What is expected - Among the records below, find the lines with the word "shows" and copy them.

Information shown -
lemma sub_in_sub_out_single_arrow:
  assumes "a \<noteq> b" and "sub_arrows \<tau> {a, b} = {e}"
  shows "sub_in \<tau> {a, b} X =
           ein (lab \<tau> a) X + ein (lab \<tau> b) X - (if sig \<tau> e = X then 1 else 0)"
    and "sub_out \<tau> {a, b} X =
           eout (lab \<tau> a) X + eout (lab \<tau> b) X - (if sig \<tau> e = X then 1 else 0)"
proof -
  have "{e' \<in> sub_arrows \<tau> {a, b}. sig \<tau> e' = X} = (if sig \<tau> e = X then {e} else {})"
    using assms(2) by auto
  with assms(1)
  show "sub_in \<tau> {a, b} X =
          ein (lab \<tau> a) X + ein (lab \<tau> b) X - (if sig \<tau> e = X then 1 else 0)"
    and "sub_out \<tau> {a, b} X =
          eout (lab \<tau> a) X + eout (lab \<tau> b) X - (if sig \<tau> e = X then 1 else 0)"
    by (simp_all add: sub_in_def sub_out_def)
qed

subsection \<open>The three moves\<close>

lemma pweight_move_Ia:
  assumes "abstract_path \<tau>" and "move_Ia \<tau> e"
  shows "pweight (glue \<tau> {src \<tau> e, tgt \<tau> e} (src \<tau> e) 0) = pweight \<tau> - 1"
proof -
  have tree: "is_tree \<tau>" and e: "e \<in> arrows \<tau>"
    and "interior \<tau> (src \<tau> e)" "interior \<tau> (tgt \<tau> e)"
    using assms by (auto simp: abstract_path_def move_Ia_def)
  moreover have "src \<tau> e \<noteq> tgt \<tau> e" using is_tree_no_loop[OF tree e] .
  ultimately have "(\<Sum>w\<in>{src \<tau> e, tgt \<tau> e}. eweight (lab \<tau> w)) = 2"
    by (simp add: eweight_def interior_def)
  moreover have "{src \<tau> e, tgt \<tau> e} \<subseteq> nodes \<tau>" "finite (nodes \<tau>)"
    using tree e by (auto simp: is_tree_def)
  ultimately show ?thesis by (simp add: pweight_glue eweight_glue)
qed

lemma pweight_move_II:
  assumes "abstract_path \<tau>" and "move_II \<tau> e"
  shows "pweight (glue \<tau> {src \<tau> e, tgt \<tau> e} (src \<tau> e) 1) = pweight \<tau> - 1"
proof -
  let ?a = "src \<tau> e" and ?b = "tgt \<tau> e"
  let ?W = "{?a, ?b}"
  have tree: "is_tree \<tau>" and e: "e \<in> arrows \<tau>" and "boundary \<tau> ?a" "boundary \<tau> ?b"
    using assms by (auto simp: abstract_path_def move_II_def)
  then have mu: "emu (lab \<tau> ?a) = 1" "emu (lab \<tau> ?b) = 1"
    and sig: "sig \<tau> e = TS \<or> sig \<tau> e = TU"
    using abstract_path_sig_boundary[OF assms(1) e] by (auto simp: boundary_def)
  have ab: "?a \<noteq> ?b" using is_tree_no_loop[OF tree e] .
  note ends = sub_in_sub_out_single_arrow[OF ab is_tree_sub_arrows_ends[OF tree e]]
  have "int (sub_in \<tau> ?W TS) + int (sub_out \<tau> ?W TU) + 1 =
          int (ein (lab \<tau> ?a) TS) + int (ein (lab \<tau> ?b) TS)
        + int (eout (lab \<tau> ?a) TU) + int (eout (lab \<tau> ?b) TU)"
    using sig
  proof
    assume "sig \<tau> e = TS"
    then show ?thesis using abstract_path_ends_arrow(2)[OF assms(1) e] by (simp add: ends)
  next
    assume "sig \<tau> e = TU"
    then show ?thesis using abstract_path_ends_arrow(1)[OF assms(1) e] by (simp add: ends)
  qed
  moreover have "(\<Sum>w\<in>?W. eweight (lab \<tau> w)) =
          (2 - int (ein (lab \<tau> ?a) TS) - int (eout (lab \<tau> ?a) TU))
        + (2 - int (ein (lab \<tau> ?b) TS) - int (eout (lab \<tau> ?b) TU))"
    using ab mu by (simp add: eweight_def)
  moreover have "?W \<subseteq> nodes \<tau>" "finite (nodes \<tau>)" using tree e by (auto simp: is_tree_def)
  then have "pweight (glue \<tau> ?W ?a 1) = pweight \<tau> - (\<Sum>w\<in>?W. eweight (lab \<tau> w))
               + (2 - int (sub_in \<tau> ?W TS) - int (sub_out \<tau> ?W TU))"
    using pweight_glue[of \<tau> ?W ?a 1] by (simp add: eweight_glue)
  ultimately show ?thesis by linarith
qed

text \<open>
  Under legality the incoming s-ends and outgoing u-ends of v are exactly the s- and u-typed
  arrows of Star^o(v): these arrows can only end, respectively start, at the boundary node v.
\<close>

lemma legal_star_o_ends:
  assumes "abstract_path \<tau>" and "move_Ib \<tau> v"
  shows "ein (lab \<tau> v) TS = card {e \<in> sub_arrows \<tau> (star_o \<tau> v). sig \<tau> e = TS}"
    and "eout (lab \<tau> v) TU = card {e \<in> sub_arrows \<tau> (star_o \<tau> v). sig \<tau> e = TU}"
proof -
  let ?W = "star_o \<tau> v"
  have v: "v \<in> nodes \<tau>" and legal: "sub_legal \<tau> ?W"
    using assms(2) by (auto simp: move_Ib_def)
  have fin: "finite (nodes \<tau>)" "finite (arrows \<tau>)"
    using assms(1) by (auto simp: abstract_path_def is_tree_def)
  have nbr: "w \<in> nodes \<tau>" "interior \<tau> w" if "w \<in> ?W - {v}" for w
    using that by (auto simp: star_o_def)
  have fW: "finite ?W" "v \<in> ?W" using fin(1) by (auto simp: star_o_def)
  have ein_W: "(\<Sum>w\<in>?W. ein (lab \<tau> w) TS) = ein (lab \<tau> v) TS"
    and eout_W: "(\<Sum>w\<in>?W. eout (lab \<tau> w) TU) = eout (lab \<tau> v) TU"
    using abstract_path_interior_ends[OF assms(1) nbr] by (simp_all add: sum.remove[OF fW])
  have into_v: "{e \<in> sub_arrows \<tau> ?W. sig \<tau> e = TS} \<subseteq>
                 {e \<in> arrows \<tau>. tgt \<tau> e = v \<and> sig \<tau> e = TS}"
    using abstract_path_ends_arrow(2)[OF assms(1)] abstract_path_interior_ends(1)[OF assms(1) nbr]
    by (force simp: sub_arrows_def)
  have "card {e \<in> sub_arrows \<tau> ?W. sig \<tau> e = TS} \<le> ein (lab \<tau> v) TS"
    using fin(2) abstract_path_card_arrows_le(2)[OF assms(1) v]
    by (intro order_trans[OF card_mono[OF _ into_v]]) simp_all
  then show "ein (lab \<tau> v) TS = card {e \<in> sub_arrows \<tau> ?W. sig \<tau> e = TS}"
    using legal by (simp add: sub_legal_def sub_in_def ein_W)
  have from_v: "{e \<in> sub_arrows \<tau> ?W. sig \<tau> e = TU} \<subseteq>
                 {e \<in> arrows \<tau>. src \<tau> e = v \<and> sig \<tau> e = TU}"
    using abstract_path_ends_arrow(1)[OF assms(1)] abstract_path_interior_ends(2)[OF assms(1) nbr]
    by (force simp: sub_arrows_def)
  have "card {e \<in> sub_arrows \<tau> ?W. sig \<tau> e = TU} \<le> eout (lab \<tau> v) TU"
    using fin(2) abstract_path_card_arrows_le(1)[OF assms(1) v]
    by (intro order_trans[OF card_mono[OF _ from_v]]) simp_all
  then show "eout (lab \<tau> v) TU = card {e \<in> sub_arrows \<tau> ?W. sig \<tau> e = TU}"
    using legal by (simp add: sub_legal_def sub_out_def eout_W)
qed

lemma move_Ib_card_star_o:
  assumes "abstract_path \<tau>" and "move_Ib \<tau> v"
  shows "ein (lab \<tau> v) TS + eout (lab \<tau> v) TU = card (star_o \<tau> v - {v})"
proof -
  let ?W = "star_o \<tau> v"
  let ?S = "sub_arrows \<tau> ?W"
  let ?ST = "{e \<in> ?S. sig \<tau> e = TS}" and ?SU = "{e \<in> ?S. sig \<tau> e = TU}"
  have tree: "is_tree \<tau>" and v: "v \<in> nodes \<tau>" "boundary \<tau> v"
    using assms by (auto simp: abstract_path_def move_Ib_def)
  have fin: "finite (nodes \<tau>)" "finite (arrows \<tau>)" using tree by (auto simp: is_tree_def)
  have fS: "finite ?S" using fin(2) by (simp add: sub_arrows_def)
  have W: "?W \<subseteq> nodes \<tau>" and vW: "v \<in> ?W" using v(1) by (auto simp: star_o_def)
  have "{e \<in> ?S. src \<tau> e = v \<or> tgt \<tau> e = v} \<subseteq> ?ST \<union> ?SU"
    using abstract_path_sig_boundary[OF assms(1)] v(2) by (auto simp: sub_arrows_def)
  then have "card {e \<in> ?S. src \<tau> e = v \<or> tgt \<tau> e = v} \<le> card (?ST \<union> ?SU)"
    using fS by (intro card_mono) auto
  then have "card (?W - {v}) \<le> card (?ST \<union> ?SU)"
    using card_star_o_le[OF fin(2), of v] by linarith
  moreover have "card (?ST \<union> ?SU) \<le> card ?S" using fS by (intro card_mono) auto
  moreover have "card ?S < card ?W"
    using is_tree_card_sub_arrows[OF tree W] vW by blast
  moreover have "card ?W = card (?W - {v}) + 1"
    using card_Suc_Diff1[OF finite_subset[OF W fin(1)] vW] by simp
  moreover have "card (?ST \<union> ?SU) = card ?ST + card ?SU"
    using fS by (intro card_Un_disjoint) auto
  ultimately show ?thesis using legal_star_o_ends[OF assms] by linarith
qed

lemma pweight_move_Ib:
  assumes "abstract_path \<tau>" and "move_Ib \<tau> v"
  shows "pweight (glue \<tau> (star_o \<tau> v) v 0) = pweight \<tau> - 1"
proof -
  let ?W = "star_o \<tau> v"
  have fin: "finite (nodes \<tau>)" using assms(1) by (simp add: abstract_path_def is_tree_def)
  have v: "v \<in> ?W" "boundary \<tau> v" and W: "?W \<subseteq> nodes \<tau>"
    using assms(2) by (auto simp: move_Ib_def star_o_def)
  have fW: "finite ?W" using W fin finite_subset by blast
  have "(\<Sum>w\<in>?W - {v}. eweight (lab \<tau> w)) = (\<Sum>w\<in>?W - {v}. 1)"
    by (rule sum.cong) (auto simp: eweight_def star_o_def interior_def)
  then have "(\<Sum>w\<in>?W. eweight (lab \<tau> w)) = eweight (lab \<tau> v) + int (card (?W - {v}))"
    using sum.remove[OF fW v(1), of "\<lambda>w. eweight (lab \<tau> w)"] by simp
  also have "\<dots> = 2"
    using move_Ib_card_star_o[OF assms] v(2) by (simp add: eweight_def boundary_def)
  finally show ?thesis using pweight_glue[OF fin W v(1)] by (simp add: eweight_glue)
qed

theorem lemma3p8:
  fixes \<tau> :: "('v, 'e) apath" and x :: "('v, 'e) marker"
  assumes "abstract_path \<tau>" and "is_marker \<tau> x" and "move_applies \<tau> x"
  shows "pweight (q_tilde \<tau> x) = pweight \<tau> - 1"
proof (cases x)
  case (MNode v)
  then show ?thesis using assms pweight_move_Ib by (simp add: q_tilde_def move_applies_def)
next
  case (MArrow e)
  then consider "move_Ia \<tau> e" | "\<not> move_Ia \<tau> e" "move_II \<tau> e"
    using assms(3) by (auto simp: move_applies_def)
  then show ?thesis
    using MArrow assms(1) pweight_move_Ia pweight_move_II by cases (simp_all add: q_tilde_def)
qed

end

Task answer -
  shows "sub_in \<tau> {a, b} X =
  shows "pweight (glue \<tau> {src \<tau> e, tgt \<tau> e} (src \<tau> e) 0) = pweight \<tau> - 1"
  shows "pweight (glue \<tau> {src \<tau> e, tgt \<tau> e} (src \<tau> e) 1) = pweight \<tau> - 1"
  shows "ein (lab \<tau> v) TS = card {e \<in> sub_arrows \<tau> (star_o \<tau> v). sig \<tau> e = TS}"
  shows "ein (lab \<tau> v) TS + eout (lab \<tau> v) TU = card (star_o \<tau> v - {v})"
  shows "pweight (glue \<tau> (star_o \<tau> v) v 0) = pweight \<tau> - 1"
  shows "pweight (q_tilde \<tau> x) = pweight \<tau> - 1"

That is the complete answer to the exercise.